Are you referring to the head tube length? It is shorter than most frames designed for drop bars, but the new stem Velo Orange is working on should solve that problem. That is one advantage of the Fargo.

Was the steep head tube angle noticeable in the handling?

frog


----------



## Matterhorn (Feb 15, 2015)

Tumbleweed Bicycle Co.

I still think the Tumbleweed looks pretty good. Similar idea maybe but with an EBB and more tire clearance.


----------



## 1 cog frog (Dec 21, 2004)

Matterhorn said:


> Tumbleweed Bicycle Co.
> 
> I still think the Tumbleweed looks pretty good. Similar idea maybe but with an EBB and more tire clearance.


That is a good looking frame! More tire clearance, single speed capable, but also twice the price of the Piolet.

I don't ride single speed anymore, and I'm trying to spend as little as possible on the frame/fork and swap parts over as much as I can. I think the Piolet is the best option.

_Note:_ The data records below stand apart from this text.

lemma infdist_attains_inf_finite:
  fixes x :: "'a::metric_space"
  assumes "finite A" "A \<noteq> {}"
  obtains a where "a \<in> A" "infdist x A = dist x a"
proof -
  have "Min (dist x ` A) \<in> dist x ` A"
    using assms by (intro Min_in) auto
  then obtain a where a: "a \<in> A" "dist x a = Min (dist x ` A)"
    by auto
  have "dist x a \<le> infdist x A"
    using assms a by (auto simp: infdist_notempty intro!: cINF_greatest)
  with infdist_le[OF \<open>a \<in> A\<close>, of x] that a show ?thesis by simp
qed

lemma diameter_le_if_subset_ball:
  fixes E :: "'a::metric_space set"
  assumes "E \<subseteq> ball z S" "0 \<le> S"
  shows "diameter E \<le> 2 * S"
proof (cases "E = {}")
  case False
  have "dist a b \<le> 2 * S" if "a \<in> E" "b \<in> E" for a b
  proof -
    have "dist z a < S" "dist z b < S" using assms that by auto
    moreover have "dist a b \<le> dist z a + dist z b"
      using dist_triangle2[of a b z] by (simp add: dist_commute)
    ultimately show ?thesis by linarith
  qed
  with False show ?thesis by (auto simp: diameter_def intro!: cSUP_least)
qed (use assms in simp)

lemma finite_card_le_if_diameter_le:
  fixes E :: "'a::metric_space set"
  assumes "bounded E" "diameter E \<le> S"
    and "\<And>x::'a. finite (cball x S)" "\<And>x::'a. card (cball x S) \<le> N"
  shows "finite E \<and> card E \<le> N"
proof (cases "E = {}")
  case False
  then obtain e where "e \<in> E" by blast
  with assms(1,2) have "E \<subseteq> cball e S"
    by (auto dest: diameter_bounded_bound)
  with assms(3,4)[of e] show ?thesis
    by (meson card_mono finite_subset order_trans)
qed simp

lemma rbdry_Un_subset: "rbdry S R (A \<union> B) \<subseteq> rbdry S R A \<union> rbdry S R B"
proof
  fix x assume x: "x \<in> rbdry S R (A \<union> B)"
  show "x \<in> rbdry S R A \<union> rbdry S R B"
  proof (cases "A = {} \<or> B = {}")
    case False
    with x infdist_Un_min[of A B x] show ?thesis by (auto simp: rbdry_def min_le_iff_disj)
  qed (use x in auto)
qed

lemma rbdry_Int_subset: "rbdry S R (E \<inter> T) \<inter> T \<subseteq> rbdry UNIV R E \<inter> T"
proof
  fix x assume x: "x \<in> rbdry S R (E \<inter> T) \<inter> T"
  then have "infdist x E \<le> infdist x (E \<inter> T)"
    by (intro infdist_mono) (auto simp: rbdry_def)
  with x show "x \<in> rbdry UNIV R E \<inter> T" by (auto simp: rbdry_def)
qed

lemma small_boundary_subset_grow:
  fixes X :: "'a::metric_space set"
  assumes "finite X"
    and N: "\<And>x::'a. finite (cball x S)" "\<And>x::'a. card (cball x S) \<le> N"
    and amenable: "\<And>F. F \<subseteq> X \<Longrightarrow> F \<noteq> {} \<Longrightarrow> \<exists>E. bounded E \<and> diameter E \<le> S \<and>
        real (card (rbdry UNIV R E \<inter> F)) < c * real (card (E \<inter> F))"
    and A: "A \<subseteq> X" "real (card (rbdry X R A)) \<le> c * real (card A)" "A \<noteq> X"
  obtains A' where "A' \<subseteq> X" "real (card (rbdry X R A')) \<le> c * real (card A')"
    "card A < card A'" "card A' \<le> card A + N"
proof -
  define F where "F = X - A"
  have "F \<subseteq> X" "F \<noteq> {}" using A unfolding F_def by auto
  then obtain E where E: "bounded E" "diameter E \<le> S"
    and E_small: "real (card (rbdry UNIV R E \<inter> F)) < c * real (card (E \<inter> F))"
    using amenable by blast
  define B where "B = E \<inter> F"
  have "finite E" "card E \<le> N"
    using finite_card_le_if_diameter_le[OF E N] by auto
  moreover have "card B \<le> card E"
    unfolding B_def using \<open>finite E\<close> by (intro card_mono) auto
  ultimately have "finite B" "card B \<le> N"
    unfolding B_def by auto
  have "B \<noteq> {}" using E_small unfolding B_def by (auto simp: mult_le_0_iff)
  have "finite A" using A \<open>finite X\<close> finite_subset by auto
  have card_AB: "card (A \<union> B) = card A + card B"
    using \<open>finite A\<close> \<open>finite B\<close> by (intro card_Un_disjoint) (auto simp: B_def F_def)
  have "rbdry X R (A \<union> B) \<subseteq> rbdry X R A \<union> (rbdry X R B \<inter> F)"
    using rbdry_Un_subset[of X R A B] unfolding F_def by (auto simp: rbdry_def)
  also have "\<dots> \<subseteq> rbdry X R A \<union> (rbdry UNIV R E \<inter> F)"
    using rbdry_Int_subset[of X R E F] unfolding B_def by (rule Un_mono[OF order_refl])
  finally have "card (rbdry X R (A \<union> B)) \<le> card (rbdry X R A \<union> (rbdry UNIV R E \<inter> F))"
    using \<open>finite X\<close> unfolding F_def by (intro card_mono) (auto simp: rbdry_def)
  also have "\<dots> \<le> card (rbdry X R A) + card (rbdry UNIV R E \<inter> F)"
    by (rule card_Un_le)
  finally have "card (rbdry X R (A \<union> B)) \<le> card (rbdry X R A) + card (rbdry UNIV R E \<inter> F)" .
  then have "real (card (rbdry X R (A \<union> B))) \<le> c * real (card A) + c * real (card B)"
    using A(2) E_small unfolding B_def by linarith
  then have "real (card (rbdry X R (A \<union> B))) \<le> c * real (card (A \<union> B))"
    by (simp add: card_AB distrib_left)
  moreover have "A \<union> B \<subseteq> X" using A(1) unfolding B_def F_def by blast
  moreover have "card A < card (A \<union> B)" "card (A \<union> B) \<le> card A + N"
    using card_AB \<open>finite B\<close> \<open>B \<noteq> {}\<close> \<open>card B \<le> N\<close> by auto
  ultimately show ?thesis using that by blast
qed

lemma small_boundary_subset_exists:
  fixes X :: "'a::metric_space set"
  assumes "finite X"
    and N: "\<And>x::'a. finite (cball x S)" "\<And>x::'a. card (cball x S) \<le> N"
    and amenable: "\<And>F. F \<subseteq> X \<Longrightarrow> F \<noteq> {} \<Longrightarrow> \<exists>E. bounded E \<and> diameter E \<le> S \<and>
        real (card (rbdry UNIV R E \<inter> F)) < c * real (card (E \<inter> F))"
    and "k \<le> card X"
  shows "\<exists>A \<subseteq> X. real (card (rbdry X R A)) \<le> c * real (card A) \<and> k \<le> card A \<and> card A \<le> k + N"
  using \<open>k \<le> card X\<close>
proof (induction k)
  case 0
  have "rbdry X R {} = {}" by (simp add: rbdry_def)
  then show ?case by force
next
  case (Suc k)
  then obtain A where A: "A \<subseteq> X" "real (card (rbdry X R A)) \<le> c * real (card A)"
    "k \<le> card A" "card A \<le> k + N" by auto
  show ?case
  proof (cases "card A = k")
    case True
    with Suc.prems have "A \<noteq> X" by auto
    then obtain A' where "A' \<subseteq> X" "real (card (rbdry X R A')) \<le> c * real (card A')"
      "card A < card A'" "card A' \<le> card A + N"
      using small_boundary_subset_grow[OF \<open>finite X\<close> N amenable A(1,2)] by blast
    with True show ?thesis by (intro exI[of _ A']) auto
  next
    case False
    with A show ?thesis by (intro exI[of _ A]) auto
  qed
qed

lemma asymptotic_expandersE:
  assumes "asymptotic_expanders Xs" "0 < \<alpha>"
  obtains c R where "0 < c" "0 < R"
    "\<And>n A. A \<subseteq> Xs n \<Longrightarrow> \<alpha> * real (card (Xs n)) \<le> real (card A) \<Longrightarrow>
      real (card A) \<le> real (card (Xs n)) / 2 \<Longrightarrow> c * real (card A) < real (card (rbdry (Xs n) R A))"
  using assms unfolding asymptotic_expanders_def by metis

lemma uniformly_locally_amenableE:
  assumes "uniformly_locally_amenable TYPE('a::metric_space)" "0 < R" "0 < \<epsilon>"
  obtains S where "0 < S"
    "\<And>F::'a set. finite F \<Longrightarrow> F \<noteq> {} \<Longrightarrow> \<exists>E. bounded E \<and> diameter E \<le> S \<and>
      real (card (rbdry UNIV R E \<inter> F)) < \<epsilon> * real (card (E \<inter> F))"
  using assms unfolding uniformly_locally_amenable_def by metis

I'm curious if anyone has long term impressions of the Piolet on singletrack?

frog


----------



## vmalmgren (Nov 21, 2010)

What rims are you using?


----------



## Obinjatoo (Mar 7, 2016)

I went to their HQ in Annapolis and took one out for a spin. I liked it. It felt a little snappier than my gen 1 Fargo. I rode a size small and it was a little large for me. I looked at the x-small frame set and wasn't convinced it would fit either. 
Very nice bike though.


----------



## 1 cog frog (Dec 21, 2004)

*Piolet Build*

Just picked up a Piolet frame from my LBS yesterday! Built it up last night, just need a new bottom bracket, adjust brakes and shifters, and I'm all set!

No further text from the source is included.